■ **WHAT THE TASK REQUIRES**
Go through the material and set down every line without alteration.

■ **RECORDS PROVIDED**
☆ ☆ ☆ ☆ ☆
lemma improves_separating_set:
  assumes "finite X" and "entropy_function X S"
    and "\<forall>A\<subseteq>X. 0 \<le> \<mu> A" and "\<forall>A\<subseteq>X. 0 \<le> \<nu> A" and "finite Y"
  shows "\<exists>\<mu>' \<nu>'. improves X S \<mu> \<nu> \<mu>' \<nu>' \<and> Y \<inter> support_union X \<mu>' \<inter> support_union X \<nu>' = {}"
  using \<open>finite Y\<close>
proof (induction Y rule: finite_induct)
  case empty
  show ?case
    using improves_refl[OF assms(3,4)] by blast
next
  case (insert y Y)
  then obtain \<mu>' \<nu>' where first: "improves X S \<mu> \<nu> \<mu>' \<nu>'"
    and separated: "Y \<inter> support_union X \<mu>' \<inter> support_union X \<nu>' = {}"
    by blast
  have "\<forall>A\<subseteq>X. 0 \<le> \<mu>' A" "\<forall>A\<subseteq>X. 0 \<le> \<nu>' A"
    using first by (simp_all add: improves_def)
  then obtain \<mu>'' \<nu>'' where second: "improves X S \<mu>' \<nu>' \<mu>'' \<nu>''"
    and "support_union X \<mu>'' \<subseteq> support_union X \<mu>'" "support_union X \<nu>'' \<subseteq> support_union X \<nu>'"
    and "y \<notin> support_union X \<mu>'' \<inter> support_union X \<nu>''"
    using improves_separating_point[OF assms(1,2), of \<mu>' \<nu>' y] by blast
  with separated have "insert y Y \<inter> support_union X \<mu>'' \<inter> support_union X \<nu>'' = {}"
    by blast
  with improves_trans[OF first second] show ?case
    by blast
qed
lemma abs_sum_sgn2_tr_G:
  assumes "coprime r k" and l: "in_subfield k l" "l \<noteq> 0"
  shows "\<bar>\<Sum>x\<in>UNIV. sgn2 (tr k (l * G x) + tr (2 * k) (a * x))\<bar> = 2 ^ k"
proof -
  let ?c = "\<lambda>x. l * G x + rel_tr k (a * x)"
  have "0 < k"
    using r_pos r_less by simp
  obtain \<gamma> :: 'a where \<gamma>: "\<not> in_subfield k \<gamma>"
  proof -
    have "card {x :: 'a. in_subfield k x} \<noteq> card (UNIV :: 'a set)"
      using card_subfield[OF card_UNIV] card_UNIV \<open>0 < k\<close> by simp
    then show ?thesis
      using that by force
  qed
  let ?N = "of_bool (?c 1 = 0) + int (card {z. in_subfield k z \<and> ?c (z + \<gamma>) = 0})"
  have "(\<Sum>x\<in>UNIV. sgn2 (tr k (l * G x) + tr (2 * k) (a * x))) = (\<Sum>x\<in>UNIV. sgn2 (tr k (?c x)))"
    by (simp add: tr_add[OF char] tr_double[OF char])
  also have "\<dots> = 2 ^ k * ?N - 2 ^ k"
  proof (rule sum_sgn2_tr_homogeneous[OF card_UNIV \<open>0 < k\<close> \<gamma>])
    show "in_subfield k (?c x)" for x
      using l by (simp add: in_subfield_add[OF char] in_subfield_mult G_in_subfield
          in_subfield_rel_tr[OF char in_subfield_2k])
    show "?c (t * x) = t * ?c x" if "in_subfield k t" for t x
      using rel_tr_mult_subfield[OF that, of "a * x"] by (simp add: G_homogeneous[OF that] mult.left_commute distrib_left)
  qed
  finally have "(\<Sum>x\<in>UNIV. sgn2 (tr k (l * G x) + tr (2 * k) (a * x))) = 2 ^ k * ?N - 2 ^ k" .
  moreover have "?N = 0 \<or> ?N = 2"
    using card_zeros_on_lines[OF assms \<gamma>, of a] by (cases "?c 1 = 0") auto
  moreover have "\<bar>2 ^ k * N - 2 ^ k\<bar> = (2 ^ k :: int)" if "N = 0 \<or> N = 2" for N :: int
    using that by auto
  ultimately show ?thesis
    by presburger
qed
☆ ☆ ☆ ☆ ☆
■ **OUTPUT OF THE TASK**
lemma improves_separating_set:
  assumes "finite X" and "entropy_function X S"
    and "\<forall>A\<subseteq>X. 0 \<le> \<mu> A" and "\<forall>A\<subseteq>X. 0 \<le> \<nu> A" and "finite Y"
  shows "\<exists>\<mu>' \<nu>'. improves X S \<mu> \<nu> \<mu>' \<nu>' \<and> Y \<inter> support_union X \<mu>' \<inter> support_union X \<nu>' = {}"
  using \<open>finite Y\<close>
proof (induction Y rule: finite_induct)
  case empty
  show ?case
    using improves_refl[OF assms(3,4)] by blast
next
  case (insert y Y)
  then obtain \<mu>' \<nu>' where first: "improves X S \<mu> \<nu> \<mu>' \<nu>'"
    and separated: "Y \<inter> support_union X \<mu>' \<inter> support_union X \<nu>' = {}"
    by blast
  have "\<forall>A\<subseteq>X. 0 \<le> \<mu>' A" "\<forall>A\<subseteq>X. 0 \<le> \<nu>' A"
    using first by (simp_all add: improves_def)
  then obtain \<mu>'' \<nu>'' where second: "improves X S \<mu>' \<nu>' \<mu>'' \<nu>''"
    and "support_union X \<mu>'' \<subseteq> support_union X \<mu>'" "support_union X \<nu>'' \<subseteq> support_union X \<nu>'"
    and "y \<notin> support_union X \<mu>'' \<inter> support_union X \<nu>''"
    using improves_separating_point[OF assms(1,2), of \<mu>' \<nu>' y] by blast
  with separated have "insert y Y \<inter> support_union X \<mu>'' \<inter> support_union X \<nu>'' = {}"
    by blast
  with improves_trans[OF first second] show ?case
    by blast
qed
lemma abs_sum_sgn2_tr_G:
  assumes "coprime r k" and l: "in_subfield k l" "l \<noteq> 0"
  shows "\<bar>\<Sum>x\<in>UNIV. sgn2 (tr k (l * G x) + tr (2 * k) (a * x))\<bar> = 2 ^ k"
proof -
  let ?c = "\<lambda>x. l * G x + rel_tr k (a * x)"
  have "0 < k"
    using r_pos r_less by simp
  obtain \<gamma> :: 'a where \<gamma>: "\<not> in_subfield k \<gamma>"
  proof -
    have "card {x :: 'a. in_subfield k x} \<noteq> card (UNIV :: 'a set)"
      using card_subfield[OF card_UNIV] card_UNIV \<open>0 < k\<close> by simp
    then show ?thesis
      using that by force
  qed
  let ?N = "of_bool (?c 1 = 0) + int (card {z. in_subfield k z \<and> ?c (z + \<gamma>) = 0})"
  have "(\<Sum>x\<in>UNIV. sgn2 (tr k (l * G x) + tr (2 * k) (a * x))) = (\<Sum>x\<in>UNIV. sgn2 (tr k (?c x)))"
    by (simp add: tr_add[OF char] tr_double[OF char])
  also have "\<dots> = 2 ^ k * ?N - 2 ^ k"
  proof (rule sum_sgn2_tr_homogeneous[OF card_UNIV \<open>0 < k\<close> \<gamma>])
    show "in_subfield k (?c x)" for x
      using l by (simp add: in_subfield_add[OF char] in_subfield_mult G_in_subfield
          in_subfield_rel_tr[OF char in_subfield_2k])
    show "?c (t * x) = t * ?c x" if "in_subfield k t" for t x
      using rel_tr_mult_subfield[OF that, of "a * x"] by (simp add: G_homogeneous[OF that] mult.left_commute distrib_left)
  qed
  finally have "(\<Sum>x\<in>UNIV. sgn2 (tr k (l * G x) + tr (2 * k) (a * x))) = 2 ^ k * ?N - 2 ^ k" .
  moreover have "?N = 0 \<or> ?N = 2"
    using card_zeros_on_lines[OF assms \<gamma>, of a] by (cases "?c 1 = 0") auto
  moreover have "\<bar>2 ^ k * N - 2 ^ k\<bar> = (2 ^ k :: int)" if "N = 0 \<or> N = 2" for N :: int
    using that by auto
  ultimately show ?thesis
    by presburger
qed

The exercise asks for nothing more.